Yeah, there is now some legislation to force you to hand over keys on request. Apparently it was there since 2000 but not enforced until the last year or so. I'd hope that they need some kind of court order to demand keys, in much the same way as they need a court order to break into your house and get you to open doors in the case of searching for physical evidence, but I wouldn't be sure. From the looks of it then it isn't clear cut as to whether you could be compelled or not in the US - you can be compelled to hand over keys to safes, but some judges have ruled that passwords are somehow different.

Still, what difference does it make whether *you* are compelled to hand over your key (which you know occurs) compared to your government having almost free reign on a back door that will almost certainly be exploited by hackers and criminals at some point?

[Rogue]

http://www.dailymail...e-password.html

just saw this on Digg , very interesting

[jednorozec]

That story makes me very glad that I don't live on that side of the pond.

[IBBoard]

Meh, from what I've read then it doesn't bother me - if nothing else, that story is from the Daily Mail.
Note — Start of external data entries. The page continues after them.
lemma H_flat_I_abs_le:
  assumes K: "flat_kernel N \<rho> K" and I: "is_interval I"
    and sub: "I \<inter> cantor_set N \<subseteq> cantor_int N k j" and j: "j < 2^k"
    and c: "cantor_center N k j \<in> I" and x: "x \<in> I \<inter> cantor_set N"
  shows "\<bar>H_flat_I N K M I x\<bar> \<le> 8 * real N * ancestor_ratio_sum N I k j"
proof -
  let ?T = "{(m, i). i < 2^m \<and> cantor_center N m i \<in> I}"
  define f where "f = (\<lambda>(m, i). weight_s N M m i * K (x - cantor_center N m i))"
  have finite_sums: "(\<Sum>p\<in>F. norm (f p)) \<le> 8 * real N * ancestor_ratio_sum N I k j"
    if F: "finite F" "F \<subseteq> ?T" for F
  proof -
    have "(\<Sum>p\<in>F. norm (f p)) \<le> (\<Sum>(m, i)\<in>F. 4 * real N * length_mass_ratio N m i)"
      using F(2) kernel_term_abs_le[OF K] x by (intro sum_mono) (auto simp: f_def)
    also have "\<dots> = 4 * real N * (\<Sum>(m, i)\<in>F. length_mass_ratio N m i)"
      by (simp add: sum_distrib_left case_prod_beta)
    also have "\<dots> \<le> 4 * real N * (2 * ancestor_ratio_sum N I k j)"
      using centers_length_mass_ratio_sum_le[OF N_ge I sub j x c F] by (intro mult_left_mono) auto
    finally show ?thesis by simp
  qed
  have summable: "(\<lambda>p. norm (f p)) summable_on ?T"
    using finite_sums by (intro nonneg_bdd_above_summable_on) (auto intro!: bdd_aboveI)
  have "\<bar>H_flat_I N K M I x\<bar> = norm (infsum f ?T)"
    by (simp add: H_flat_I_def f_def)
  also have "\<dots> \<le> infsum (\<lambda>p. norm (f p)) ?T"
    by (rule norm_infsum_bound[OF summable])
  also have "\<dots> \<le> 8 * real N * ancestor_ratio_sum N I k j"
    by (rule infsum_le_finite_sums[OF summable finite_sums])
  finally show ?thesis .
qed

text \<open>The ancestor's own weight is at most \<open>\<sigma>(I)\<close>, and the mass of \<open>I\<^sup>k\<^sub>j\<close>
  is smaller than the ancestor's by a factor \<open>(9/16)\<^bsup>k - m\<^esup>\<close>.\<close>

lemma ancestor_length_mass_ratio_le:
  assumes j: "j < 2^k" and m: "m \<le> k" and c: "cantor_center N m (j div 2^(k - m)) \<in> I"
  shows "length_mass_ratio N m (j div 2^(k - m)) * sqrt (omega_mass N k j)
           \<le> sqrt (sigma_dot N M I) * (3/4)^(k - m)"
proof -
  let ?i = "j div 2^(k - m)" and ?w = "omega_mass N k j" and ?s = "sigma_dot N M I"
  have s: "0 \<le> ?s" by (rule sigma_dot_nonneg)
  have i: "?i < 2^m"
    using j m by (simp add: div_less_iff_less_mult power_add[symmetric])
  have max: "0 \<le> cantor_split_max N" "cantor_split_max N \<le> 9/16"
    using N_ge by (simp_all add: cantor_split_max_def field_simps)
  have "?w \<le> omega_mass N m ?i * cantor_split_max N ^ (k - m)"
    using omega_mass_descendant_le[OF N_ge_small(1), of m "k - m" j] m by simp
  also have "\<dots> \<le> omega_mass N m ?i * (9/16) ^ (k - m)"
    using max omega_mass_pos[OF N_ge_small(1)] by (intro mult_left_mono power_mono) (auto intro: less_imp_le)
  finally have "(length_mass_ratio N m ?i * sqrt ?w)\<^sup>2
      \<le> (length_mass_ratio N m ?i)\<^sup>2 * omega_mass N m ?i * (9/16) ^ (k - m)"
    using omega_mass_pos[OF N_ge_small(1), of k j]
    by (simp add: power_mult_distrib mult_left_mono mult.assoc)
  also have "\<dots> \<le> ?s * (9/16) ^ (k - m)"
    using weight_s_le_sigma_dot[OF i c] weight_s_eq[OF i] by (intro mult_right_mono) auto
  also have "\<dots> = (sqrt ?s * (3/4)^(k - m))\<^sup>2"
  proof -
    have "((3/4::real)^(k - m))\<^sup>2 = (9/16)^(k - m)"
      by (simp add: power2_eq_square power_mult_distrib[symmetric])
    then show ?thesis using s by (simp add: power_mult_distrib)
  qed
  finally show ?thesis
    by (rule power2_le_imp_le) (use s in simp)
qed
(* Let $\Delta$ be a finite saturated sample set, $\delta$ a $\Delta$-diagram, and $t$ a basic term. If the time warp $f$ strongly extends $D_t(\delta)$, then $f^\star$ strongly extends $D_{t'}(\delta)$.
   Context: Time warps: join-preserving maps $f\colon\omega^+\to\omega^+$, $\omega^+=\omega\cup\{\omega\}$, ordered pointwise; $p(m)=\bigvee\{k\in\omega\mid k<m\}$; $f^\star$ is the largest time warp $h$ with $f\circ h\le p$; $\mathrm{last}(f)=\min\{m\in\omega^+\mid f(m)=f(\omega)\}$. Basic terms are built from variables using $\cdot,{}',1$. Samples (formal expressions): $\alpha::=\kappa\mid t[\alpha]\mid \mathrm{suc}(\alpha)\mid\mathrm{last}(t)$ with $\kappa$ a time variable and $t$ a basic term. The relation $\leadsto$: $t[\alpha]\leadsto\alpha$, $\mathrm{suc}(\alpha)\leadsto\alpha$, $t[\alpha]\leadsto t[\mathrm{last}(t)]$, $(tu)[\alpha]\leadsto t[u[\alpha]]$, $t'[\alpha]\leadsto t[t'[\alpha]]$, $t'[\alpha]\leadsto t[\mathrm{suc}(t'[\alpha])]$; a sample set is saturated if closed under $\leadsto$. $S(n)=n+1$ for $n\in\omega$, $S(\omega)=\omega$. For saturated $\Delta$, a $\Delta$-diagram is $\delta\colon\Delta\to\omega^+$ such that, whenever the samples mentioned belong to $\Delta$: (1) $\delta(\alpha)\le\delta(\beta)\Rightarrow\delta(t[\alpha])\le\delta(t[\beta])$; (2) $\delta(\alpha)=0\Rightarrow\delta(t[\alpha])=0$; (3) $\delta(\mathrm{suc}(\alpha))=S(\delta(\alpha))$; (4) for $t[\alpha]\in\Delta$: $\delta(\mathrm{last}(t))\le\delta(\alpha)\iff\delta(t[\mathrm{last}(t)])=\delta(t[\alpha])$; (5) $\delta(\mathrm{last}(t))=\omega\Rightarrow\delta(t[\mathrm{last}(t)])=\omega$; (6) $\delta(1[\alpha])=\delta(\alpha)$; (7) $\delta(\mathrm{last}(1))=\omega$; (8) $\delta((tu)[\alpha])=\delta(t[u[\alpha]])$; (9) $\delta(\mathrm{last}(tu))=\omega\Rightarrow\delta(\mathrm{last}(t))=\delta(\mathrm{last}(u))=\omega$; (10) for $t'[\alpha]\in\Delta$: $0<\delta(\alpha)<\omega\Rightarrow\delta(t[t'[\alpha]])<\delta(\alpha)$; (11) for $t'[\alpha]\in\Delta$: $\delta(t'[\alpha])<\omega\Rightarrow\delta(\alpha)\le\delta(t[\mathrm{suc}(t'[\alpha])])$; (12) $\delta(\mathrm{last}(t'))=\omega\Rightarrow\delta(\mathrm{last}(t))=\omega$. For a basic term $t$, $D_t(\delta)=\{(\delta(\alpha),\delta(t[\alpha]))\mid t[\alpha]\in\Delta\}$. A time warp $f$ extends $D_t(\delta)$ if $f(i)=j$ for all $(i,j)\in D_t(\delta)$, and strongly extends it if moreover $D_t(\delta)\neq\emptyset$ and $\delta(\mathrm{last}(t))=\omega$ together imply $\mathrm{last}(f)=\omega$. *)

theory Defs
  imports Main "HOL-Library.Extended_Nat"
begin

text \<open>omega^+ is rendered as enat, with omega = \<infinity>; the successor S is eSuc
  (eSuc \<infinity> = \<infinity>). Time warps are maps preserving all joins (including the
  empty join, so f 0 = 0).\<close>

definition time_warp :: "(enat \<Rightarrow> enat) \<Rightarrow> bool" where
  "time_warp f \<longleftrightarrow> (\<forall>A. f (Sup A) = Sup (f ` A))"

definition pred_tw :: "enat \<Rightarrow> enat" where
  "pred_tw m = Sup {enat k | k. enat k < m}"

definition tw_star :: "(enat \<Rightarrow> enat) \<Rightarrow> (enat \<Rightarrow> enat)" where
  "tw_star f = (GREATEST h. time_warp h \<and> (\<forall>x. f (h x) \<le> pred_tw x))"

definition tw_last :: "(enat \<Rightarrow> enat) \<Rightarrow> enat" where
  "tw_last f = (LEAST m. f m = f \<infinity>)"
The only paper I can think of that is worse is the Sun. Eight requests and four convictions in three years, all seemingly during existing investigations (i.e. not just an arbitrary "give us your keys because we say so"), or a government that wants full access to everything that goes over the wire via a backdoor that'll leave all the encryption vulnerable? I'll take the former, thank you

[billzo]

IBBoard, on 01 October 2010 - 01:30 PM, said:

From the looks of it then it isn't clear cut as to whether you could be compelled or not in the US - you can be compelled to hand over keys to safes, but some judges have ruled that passwords are somehow different.

The Fifth Amendment to the United States Constitution prevents the government from compelling a person to be a witness against himself.  A criminal suspect has no obligation to answer any questions, cooperate in any way with investigators, or turn over passwords.  A search warrant can be used to search for things such as keys to safes, but I don't think the government can force you to tell police where they are.  In a civil case, the Court can force you to turn over evidence against yourself during the process of discovery (something I disagree with highly).  But they cannot do so in a criminal case.

http://en.wikipedia....es_Constitution

Edited by billzo, 09 October 2010 - 01:38 PM.

[IBBoard]

Fair enough, I was just going of what I'd read about a court case that somehow decided that encryption keys were subject to different rules to safe keys, i.e. safe keys had been compelled from someone in the past, but the encryption keys weren't, even thought they're both just keys to unlock things.